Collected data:
□ □ □

lemma Sc_hurewicz_rowsE:
  fixes U :: "nat \<Rightarrow> nat \<Rightarrow> 'a set"
  assumes Sc: "Sc_nbd X m e (open_cover X)" and hur: "hurewicz X"
    and nbhds: "\<And>k j. nbhd X e (U k j)"
  obtains D J where "\<And>k j. pairwise disjnt (D k j)" "\<And>k j A. A \<in> D k j \<Longrightarrow> openin X A"
    "\<And>k j A. A \<in> D k j \<Longrightarrow> \<exists>x\<in>topspace X. A \<subseteq> m x ` U k j"
    "\<And>x. x \<in> topspace X \<Longrightarrow> finite {k. x \<notin> (\<Union>j\<le>J k. \<Union>(D k j))}"
proof -
  obtain D where D: "\<And>k j. pairwise disjnt (D k j)" "\<And>k j A. A \<in> D k j \<Longrightarrow> openin X A"
    "\<And>k j A. A \<in> D k j \<Longrightarrow> \<exists>x\<in>topspace X. A \<subseteq> m x ` U k j" "\<And>k. open_cover X (\<Union>j. D k j)"
    by (rule Sc_nbd_rowsE[OF Sc nbhds]) (rule that)
  have D_open: "\<And>k j. openin X (\<Union>(D k j))" by (rule openin_Union) (rule D(2))
  have D_cover: "topspace X \<subseteq> (\<Union>j. \<Union>(D k j))" for k
    using D(4)[of k] unfolding open_cover_def by blast
  obtain J where J: "\<And>x. x \<in> topspace X \<Longrightarrow> finite {k. x \<notin> (\<Union>j\<le>J k. \<Union>(D k j))}"
    by (rule hurewicz_uniform_stages[OF hur D_open D_cover]) (rule that)
  show thesis by (rule that[OF D(1-3) J])
qed

lemma pairwise_disjnt_point_finite:
  assumes "pairwise disjnt C"
  shows "finite {U \<in> C. y \<in> U}"
proof (cases "\<exists>A\<in>C. y \<in> A")
  case True
  then obtain A where A: "A \<in> C" "y \<in> A" by blast
  have "U = A" if "U \<in> C" "y \<in> U" for U
  proof (rule ccontr)
    assume "U \<noteq> A"
    then have "disjnt U A" using assms \<open>U \<in> C\<close> A(1) unfolding pairwise_def by blast
    then show False using \<open>y \<in> U\<close> A(2) unfolding disjnt_def by blast
  qed
  then have "{U \<in> C. y \<in> U} \<subseteq> {A}" by blast
  then show ?thesis by (rule finite_subset) simp
next
  case False
  then have "{U \<in> C. y \<in> U} = {}" by blast
  then show ?thesis by (metis finite.emptyI)
qed

lemma disjoint_families_infinite_index:
  assumes disj: "\<And>m. pairwise disjnt (C m)"
    and inf: "infinite {U \<in> (\<Union>m. C m). y \<in> U}"
  shows "infinite {m. y \<in> \<Union>(C m)}"
proof
  assume fin: "finite {m. y \<in> \<Union>(C m)}"
  have "{U \<in> (\<Union>m. C m). y \<in> U} \<subseteq> (\<Union>m\<in>{m. y \<in> \<Union>(C m)}. {U \<in> C m. y \<in> U})"
    by blast
  moreover have "finite (\<Union>m\<in>{m. y \<in> \<Union>(C m)}. {U \<in> C m. y \<in> U})"
    by (intro finite_UN_I fin pairwise_disjnt_point_finite disj)
  ultimately show False using inf finite_subset by blast
qed

definition box_family ::
  "(nat \<Rightarrow> nat \<Rightarrow> 'a set set) \<Rightarrow> (nat \<Rightarrow> 'b set set) \<Rightarrow> (nat \<Rightarrow> nat) \<Rightarrow> nat \<Rightarrow> ('a \<times> 'b) set set"
  where "box_family D C J n =
    {A \<times> E | A E. \<exists>m j. n = prod_encode (m, j) \<and> j \<le> J m \<and> A \<in> D m j \<and> E \<in> C m}"
(* In the setting of the soft-label KNN classification utility, assume $N\ge\max(2,K)$ and let $H:=\sum_{j=1}^{K-1}\frac1{j+1}$ (so $H=0$ if $K=1$). Then for every $1\le i\le N$, the Shapley value $\phi_i$ satisfies $$-\frac{H}{N}-\Big(\frac{1}{\max(i,K)}-\frac1N\Big)-\frac{1}{CN}\;\le\;\phi_i\;\le\;\frac{H}{N}+\frac{1}{\max(i,K)}-\frac{1}{CN}.$$
   Context: Training data $(x_i,y_i)$, $i\in\mathcal I=\{1,\dots,N\}$, with $x_i\in\mathbb R^d$ and labels in a set of $C\ge1$ classes; test point $(x_{\mathrm{test}},y_{\mathrm{test}})$; $K\ge 1$ an integer. Indices are sorted so that $\|x_1-x_{\mathrm{test}}\|\le\dots\le\|x_N-x_{\mathrm{test}}\|$ (Euclidean norm, ties broken by index). For nonempty $S\subseteq\mathcal I$, $\pi^{(S)}(j)$ is the $j$-th smallest index in $S$. The utility is $v(\emptyset)=\frac1C$ and, for $S\ne\emptyset$, $v(S)=\frac{1}{\min(K,|S|)}\sum_{j=1}^{\min(K,|S|)}\mathbb 1[y_{\pi^{(S)}(j)}=y_{\mathrm{test}}]$. The Shapley value of $i$ is $\phi_i=\frac1N\sum_{k=1}^{N}\binom{N-1}{k-1}^{-1}\sum_{S\subseteq\mathcal I\setminus\{i\},\,|S|=k-1}\big[v(S\cup\{i\})-v(S)\big]$. *)

theory Defs
  imports "HOL-Analysis.Analysis"
begin

(* pi^(S)(j) = j-th smallest element of S (1-based j); here 0-based via list index *)
definition kth_smallest :: "nat set \<Rightarrow> nat \<Rightarrow> nat" where
  "kth_smallest S j = sorted_list_of_set S ! (j - 1)"

(* soft-label KNN utility; C = number of classes *)
definition knn_utility :: "nat \<Rightarrow> nat \<Rightarrow> (nat \<Rightarrow> 'c) \<Rightarrow> 'c \<Rightarrow> nat set \<Rightarrow> real" where
  "knn_utility C K y ytest S =
     (if S = {} then 1 / real C
      else (1 / real (min K (card S))) *
           (\<Sum>j = 1..min K (card S). if y (kth_smallest S j) = ytest then 1 else 0))"

definition shapley :: "nat \<Rightarrow> (nat set \<Rightarrow> real) \<Rightarrow> nat \<Rightarrow> real" where
  "shapley N v i =
     (1 / real N) * (\<Sum>k = 1..N. (1 / real ((N - 1) choose (k - 1))) *
        (\<Sum>S \<in> {S. S \<subseteq> {1..N} - {i} \<and> card S = k - 1}. v (S \<union> {i}) - v S))"

end

theory Submission
  imports Defs
begin

text \<open>Write \<open>w(n, s) = s! (n-1-s)! / n!\<close>. The Shapley value of \<open>i\<close> is the \<open>w\<close>-weighted sum,
over coalitions \<open>S \<subseteq> {1..N} - {i}\<close>, of the marginal contributions \<open>v (S \<union> {i}) - v S\<close>.
For nonempty \<open>S\<close> the KNN utility is the mean label indicator over the \<open>K\<close> smallest indices.
If \<open>|S| < K\<close>, adding \<open>i\<close> turns a mean of \<open>|S|\<close> numbers in \<open>[0, 1]\<close> into a mean of \<open>|S| + 1\<close>
of them, which moves it by at most \<open>1/(|S| + 1)\<close>; if \<open>|S| \<ge> K\<close>, the neighbourhood changes only
when fewer than \<open>K\<close> members of \<open>S\<close> lie below \<open>i\<close>, and then \<open>i\<close> replaces a single neighbour,
so the change is at most \<open>1/K\<close>. Integrating the first bound against the weights gives
\<open>(1 + H)/N\<close>. For the second, the weights marginalise over the players above \<open>i\<close> to the weights
of the game on \<open>{1..i}\<close>, so the coalitions with fewer than \<open>K\<close> members below \<open>i\<close> have total
weight \<open>min(K, i)/i\<close>, while those of size below \<open>K\<close> have weight \<open>K/N\<close>; this yields
\<open>1/max(i, K) - 1/N\<close>. The empty coalition contributes \<open>(v {i} - 1/C)/N\<close> with
\<open>v {i} \<in> {0, 1}\<close>, which accounts for the remaining terms.\<close>

definition smallest :: "nat \<Rightarrow> 'a::linorder set \<Rightarrow> 'a set" where
  "smallest K S = set (take K (sorted_list_of_set S))"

□ □ □

WHAT IS BEING ASKED: Please show all lines from the entries that contain the word "times".

SOLUTION:
  "(nat \<Rightarrow> nat \<Rightarrow> 'a set set) \<Rightarrow> (nat \<Rightarrow> 'b set set) \<Rightarrow> (nat \<Rightarrow> nat) \<Rightarrow> nat \<Rightarrow> ('a \<times> 'b) set set"
    {A \<times> E | A E. \<exists>m j. n = prod_encode (m, j) \<and> j \<le> J m \<and> A \<in> D m j \<and> E \<in> C m}"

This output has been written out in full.